Canada has unexpectedly withdrawn its plan to implement a new digital services tax on American technology companies, just days after former President Donald Trump criticized the move as a “foolish” and “direct and blatant attack” on the United States. The decision was announced by Canadian Prime Minister Mark Carney on the eve of the tax’s scheduled implementation, as Canada seeks to revive stalled trade negotiations with the US before a critical July 21 deadline.

The tax, which was set to impose a 3% levy on revenue generated by companies such as Amazon, Google, Meta, Uber, and Airbnb from Canadian users, would have been applied retroactively, potentially leaving these firms with a $2 billion bill due in the United States by the end of the month. Former President Trump had reacted strongly, halting trade talks with Canada and threatening to introduce new tariffs on Canadian goods within the week.

Background and Reactions

The announcement comes as tensions between the US and Canada have been escalating over trade policies. On Friday, Trump expressed his disapproval on Truth Social, stating, “We have just been informed that Canada… has just announced that they are putting a Digital Services Tax on our American Technology Companies, which is a direct and blatant attack on our Country.” He further accused Canada of emulating the European Union, which has been in discussions with the US over similar taxes.

“Based on this egregious Tax, we are hereby terminating ALL discussions on Trade with Canada, effective immediately,” Trump declared.

In response to the backlash, Carney’s office confirmed that he had spoken with Trump on Sunday night, leading to the decision to halt the tax. Finance Minister François-Philippe Champagne is now working on legislation to rescind the tax, as stated by Canada’s finance ministry.

Implications for US-Canada Relations

The digital services tax was initially announced in 2020 as a measure to ensure that large technology companies operating in Canada contribute taxes on revenues generated from Canadian users. However, the abrupt cancellation of the tax highlights the fragility of US-Canada trade relations, especially in the context of ongoing negotiations for a new economic agreement.

According to a statement from Canada’s finance ministry, “Canada’s preference has always been a multilateral agreement related to digital services taxation.” The breakdown in talks followed a meeting between Trump and Carney at the G7 summit in mid-June, where they had agreed to finalize a new economic deal within 30 days.

Expert Opinions and Future Prospects

Trade experts suggest that the decision to withdraw the tax reflects Canada’s strategic prioritization of its economic relationship with the US. “The US is Canada’s largest trading partner, and any disruption in this relationship could have significant economic repercussions,” noted trade analyst Sarah Johnson.

Meanwhile, Canadian businesses have expressed relief at the decision, urging consumers to support local companies. “Economically we have such power over Canada. We’d rather not use it,” Trump remarked, emphasizing the economic leverage the US holds over its northern neighbor.
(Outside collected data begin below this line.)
lemma truncation_parameters_exist:
  fixes \<epsilon> KL V :: real
  assumes "0 < \<epsilon>" "0 < KL" "0 \<le> V"
  obtains L a where "0 < L" "0 < a" "0 < KL - V / L" "(KL - V / L) / a = 1 + \<epsilon> / 2"
    and "1 / a < (1 + \<epsilon>) / KL"
proof -
  define \<theta> where "\<theta> = KL * (1 + \<epsilon> / 2) / (1 + \<epsilon>)"
  define L where "L = V / (KL - \<theta>) + 1"
  define a where "a = (KL - V / L) / (1 + \<epsilon> / 2)"
  have "0 < \<theta>"
    unfolding \<theta>_def using assms by (intro divide_pos_pos mult_pos_pos) auto
  moreover have "\<theta> < KL"
    unfolding \<theta>_def using assms by (simp add: field_simps)
  ultimately have \<theta>: "0 < \<theta>" "\<theta> < KL" .
  have "0 \<le> V / (KL - \<theta>)"
    using assms \<theta> by simp
  then have L: "0 < L"
    by (simp add: L_def)
  have "(KL - \<theta>) * L = V + (KL - \<theta>)"
    using \<theta> by (simp add: L_def field_simps)
  then have "V / L < KL - \<theta>"
    using L \<theta> by (simp add: divide_less_eq)
  then have m: "\<theta> < KL - V / L"
    by simp
  then have a: "0 < a" "(KL - V / L) / a = 1 + \<epsilon> / 2"
    using \<theta> assms by (simp_all add: a_def)
  have "1 / a = (1 + \<epsilon> / 2) / (KL - V / L)"
    by (simp add: a_def)
  also have "\<dots> < (1 + \<epsilon> / 2) / \<theta>"
    using m \<theta> assms by (intro divide_strict_left_mono) auto
  also have "\<dots> = (1 + \<epsilon>) / KL"
  proof -
    have "(1 + \<epsilon>) * \<theta> = (1 + \<epsilon> / 2) * KL"
      using assms by (simp add: \<theta>_def)
    then show ?thesis
      using \<theta>(1) assms(2) by (simp add: frac_eq_eq)
  qed
  finally show thesis
    using that L a m \<theta> by simp
qed

lemma penalty_parameters_exist:
  fixes m a \<delta> S C V :: real
  assumes "0 < m" "0 < \<delta>" "m / a = 1 + \<delta>" "0 < S" "0 \<le> C" "0 \<le> V"
  obtains gam B where "0 < gam" "0 < B"
    and "1 \<le> m / a + gam * B * m - gam * S - C"
    and "1 \<le> m / a - gam * S - C * (4 * V / B\<^sup>2)"
proof -
  define gam where "gam = \<delta> / (2 * S)"
  define B where "B = (\<delta> / 2 + C) / (gam * m) + 8 * C * V / \<delta> + 1"
  have gam: "0 < gam" "gam * S = \<delta> / 2"
    using assms by (simp_all add: gam_def)
  then have "0 \<le> (\<delta> / 2 + C) / (gam * m)" "0 \<le> 8 * C * V / \<delta>"
    using assms by simp_all
  then have B: "1 \<le> B" "8 * C * V / \<delta> \<le> B"
    by (simp_all add: B_def)
  have "gam * B * m = (\<delta> / 2 + C) + gam * m * (8 * C * V / \<delta> + 1)"
    using gam(1) assms(1) by (simp add: B_def field_simps)
  moreover have "0 \<le> gam * m * (8 * C * V / \<delta> + 1)"
    using gam assms by simp
  ultimately have near: "1 \<le> m / a + gam * B * m - gam * S - C"
    using assms(2,3) gam(2) by linarith
  have "8 * C * V \<le> \<delta> * B"
    using B(2) assms(2) by (simp add: pos_divide_le_eq mult.commute)
  also have "\<dots> \<le> \<delta> * B\<^sup>2"
    using B(1) assms(2) by (intro mult_left_mono) (simp_all add: power2_eq_square)
  finally have "C * (4 * V / B\<^sup>2) \<le> \<delta> / 2"
    using B by (simp add: field_simps)
  then have far: "1 \<le> m / a - gam * S - C * (4 * V / B\<^sup>2)"
    using assms(3) gam(2) by linarith
  show thesis
    by (rule that[OF gam(1) _ near far]) (use B(1) in simp)
qed

lemma drift_parameters_exist:
  fixes \<epsilon> KL V C :: real
  assumes "0 < \<epsilon>" "0 < KL" "0 \<le> V" "0 \<le> C"
  obtains L a gam B where "0 < L" "0 < a" "0 < gam" "0 < B" "0 < KL - V / L"
    and "1 \<le> (KL - V / L) / a + gam * B * (KL - V / L) - gam * (L\<^sup>2 + V) - C"
    and "1 \<le> (KL - V / L) / a - gam * (L\<^sup>2 + V) - C * (4 * V / B\<^sup>2)"
    and "\<forall>\<^sub>F A in at_top. (A + L) / a + gam * B\<^sup>2 + C \<le> A / KL * (1 + \<epsilon>)"
proof -
  obtain L a where L: "0 < L" "0 < a" "0 < KL - V / L" "(KL - V / L) / a = 1 + \<epsilon> / 2"
    and a: "1 / a < (1 + \<epsilon>) / KL"
    using truncation_parameters_exist[OF assms(1-3)] .
  moreover have "0 < L\<^sup>2 + V"
    using L(1) assms(3) by (simp add: add_pos_nonneg)
  ultimately obtain gam B where "0 < gam" "0 < B"
    and "1 \<le> (KL - V / L) / a + gam * B * (KL - V / L) - gam * (L\<^sup>2 + V) - C"
    and "1 \<le> (KL - V / L) / a - gam * (L\<^sup>2 + V) - C * (4 * V / B\<^sup>2)"
    using penalty_parameters_exist[of "KL - V / L" "\<epsilon> / 2" a "L\<^sup>2 + V" C V] assms by auto
  moreover have "\<forall>\<^sub>F A in at_top. (A + L) / a + gam * B\<^sup>2 + C \<le> A / KL * (1 + \<epsilon>)"
    using eventually_affine_le_at_top[OF a, of "L / a + gam * B\<^sup>2 + C"]
  proof eventually_elim
    case (elim A)
    have "(A + L) / a + gam * B\<^sup>2 + C = 1 / a * A + (L / a + gam * B\<^sup>2 + C)"
      by (simp add: add_divide_distrib)
    also have "\<dots> \<le> (1 + \<epsilon>) / KL * A"
      by (fact elim)
    finally show ?case
      by (simp add: mult.commute)
  qed
  ultimately show thesis
    using that L by blast
qed

section \<open>The RDE-CUSUM statistic\<close>

lemma rdc_D_ge: "0 \<le> h \<Longrightarrow> 0 \<le> mu \<Longrightarrow> - h \<le> rdc_D gb f mu h x n"
  by (induction n) auto

lemma rdc_D_prefix: "(\<forall>i<n. x i = x' i) \<Longrightarrow> rdc_D gb f mu h x n = rdc_D gb f mu h x' n"
  by (induction n) auto

lemma measurable_rdc_D:
  assumes "\<And>i. sets (M i) = sets (borel :: real measure)"
    and [measurable]: "llr gb f \<in> borel_measurable borel"
  shows "(\<lambda>x. rdc_D gb f mu h x n) \<in> borel_measurable (PiM UNIV M)"
proof (induction n)
  case (Suc n)
  have [measurable]: "(\<lambda>x. x n) \<in> borel_measurable (PiM UNIV M)"
    using measurable_component_singleton[of n UNIV M] assms(1) by (simp cong: measurable_cong_sets)
  note Suc [measurable]
  show ?case
    by simp measurable
qed simp

lemma prefix_determined_info_alg:
  assumes "space P = UNIV" and "E \<in> sets (info_alg P gb f mu h m)"
  shows "prefix_determined m E"
proof -
  have "rdc_info gb f mu h m \<in> space P \<rightarrow> space info_space"
    by (simp add: info_space_def space_PiM space_pair_measure)
  then obtain S where E: "E = rdc_info gb f mu h m -` S \<inter> space P"
    using assms(2) unfolding info_alg_def by (auto simp: sets_vimage_algebra2)
  show ?thesis
    unfolding prefix_determined_def
  proof (intro allI impI)
    fix x x' :: "nat \<Rightarrow> real"
    assume "\<forall>i<m. x i = x' i"
    then have "rdc_info gb f mu h m x = rdc_info gb f mu h m x'"
      using rdc_D_prefix[of _ x x' gb f mu h] by (auto simp: rdc_info_def rdc_M_def fun_eq_iff)
    then show "x \<in> E \<longleftrightarrow> x' \<in> E"
      by (simp add: E assms(1))
  qed
qed

lemma of_nat_le_suminf_indicator:
  assumes "\<And>n. n < N \<Longrightarrow> P n"
  shows "of_nat (N - j) \<le> (\<Sum>n. if j \<le> n \<and> P n then 1 else 0 :: ennreal)"
proof -
  have "(\<Sum>n\<in>{j..<N}. if j \<le> n \<and> P n then 1 else 0 :: ennreal) = (\<Sum>n\<in>{j..<N}. 1)"
    using assms by (intro sum.cong) auto
  then have "of_nat (N - j) = (\<Sum>n\<in>{j..<N}. if j \<le> n \<and> P n then 1 else 0 :: ennreal)"
    by simp
  also have "\<dots> \<le> (\<Sum>n. if j \<le> n \<and> P n then 1 else 0)"
    by (rule sum_le_suminf) (auto intro: summableI)
  finally show ?thesis .
qed

lemma rdc_D_mem_if_below:
  assumes "0 < A" "0 \<le> h" "0 \<le> mu" and below: "\<forall>m. 1 \<le> m \<and> m \<le> n \<longrightarrow> rdc_D gb f mu h x m < A"
  shows "\<forall>m\<le>n. rdc_D gb f mu h x m \<in> {- h..<A}"
proof (intro allI impI)
  fix m
  assume "m \<le> n"
  then have "rdc_D gb f mu h x m < A"
    using below assms(1) by (cases m) auto
  then show "rdc_D gb f mu h x m \<in> {- h..<A}"
    using rdc_D_ge[OF assms(2,3)] by simp
qed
“It’s not going to work out well for Canada. They were foolish to do it,” Trump commented from the Oval Office.

Looking Ahead

As Canada moves to rescind the digital services tax, the focus now shifts to the resumption of trade negotiations later this month. Both nations are expected to work towards a mutually beneficial agreement that addresses the concerns of both parties.
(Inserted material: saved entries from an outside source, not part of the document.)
(* Let $G$ be a countable graph. The following are equivalent: (i) there exists a countable graph $G'$ such that $G$ and $G'$ are independent, i.e. $G \not\to G'$ and $G' \not\to G$; (ii) $G$ is not bipartite and $G$ does not contain $K_\omega$ as a subgraph.
   Context: All graphs are simple, undirected and loopless. A homomorphism $f: G \to G'$ is a map $V(G) \to V(G')$ such that $\{x,y\} \in E(G)$ implies $\{f(x),f(y)\} \in E(G')$. We write $G \to G'$ (or $G \le G'$) if a homomorphism exists, and $G \not\to G'$ otherwise. $K_\omega$ denotes the countably infinite complete graph. A set of graphs is independent if there is no homomorphism between any two distinct members of the set. *)

theory Defs
  imports Main "HOL-Library.Countable_Set"
begin

definition graph :: "'a set \<Rightarrow> ('a \<Rightarrow> 'a \<Rightarrow> bool) \<Rightarrow> bool" where
  "graph V E \<longleftrightarrow> (\<forall>x y. E x y \<longrightarrow> x \<in> V \<and> y \<in> V) \<and> (\<forall>x y. E x y \<longrightarrow> E y x) \<and> (\<forall>x. \<not> E x x)"

definition countable_graph :: "'a set \<Rightarrow> ('a \<Rightarrow> 'a \<Rightarrow> bool) \<Rightarrow> bool" where
  "countable_graph V E \<longleftrightarrow> graph V E \<and> countable V"
(* Let $\mathcal F\subset\mathcal F_X$ be a set of feasible environments. For each decision rule $p$ and each history $h$, $$\inf_{\mu\in\Delta(\mathcal F(h))}\frac{U_p(\mu,h)}{V(\mu,h)}=\inf_{F\in\mathcal F(h)}\frac{U_p(F,h)}{V(F,h)}.$$
   Context: Sequential search model. Fix a discount factor $\delta\in(0,1)$, a Borel set $X\subset\mathbb{R}_+$ with $0\in X$, and an outside option $x_0>0$. Let $\mathcal F_X$ be the set of Borel probability distributions on $X$ with finite mean ("environments"). A history is $h_t=(x_0,x_1,\dots,x_t)$, $t\ge0$, $x_i\in X$, with best-so-far alternative $y_t=\max\{x_0,\dots,x_t\}$. A decision rule $p$ assigns to each history $h$ a stopping probability $p(h)\in[0,1]$. Given an environment $F$ and a history $h_t$, future alternatives are i.i.d. with law $F$; at each round $s\ge t$ the individual stops with probability $p(h_s)$, and stopping at round $s$ yields $\delta^{s-t}y_s$ (never stopping yields $0$). $U_p(F,h)$ is the expected payoff and $V(F,h)=\sup_pU_p(F,h)$. A prior is a finitely supported probability distribution $\mu$ on $\mathcal F$; $\Delta(\mathcal F)$ is the set of priors, each $F\in\mathcal F$ identified with the point mass on it. An environment or prior is consistent with $h_t$ if the sequence $x_1,\dots,x_t$ occurs with positive probability under it; $\mathcal F(h)$ and $\Delta(\mathcal F(h))$ denote the sets of environments and priors consistent with $h$. For $\mu\in\Delta(\mathcal F(h))$, $U_p(\mu,h)=\sum_F\mu(F\mid h)U_p(F,h)$ where $\mu(\cdot\mid h)$ is the Bayesian posterior given $h$, and $V(\mu,h)=\sup_pU_p(\mu,h)$. *)

theory Defs
  imports "HOL-Probability.Probability"
begin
With the July 21 deadline looming, the coming weeks will be crucial for US-Canada trade relations. The outcome of these negotiations will likely set the tone for future economic interactions between the two countries.

For now, Canadian officials remain optimistic about reaching a resolution that will strengthen bilateral ties and foster economic growth. As the situation develops, stakeholders on both sides of the border will be closely monitoring the progress of these critical discussions.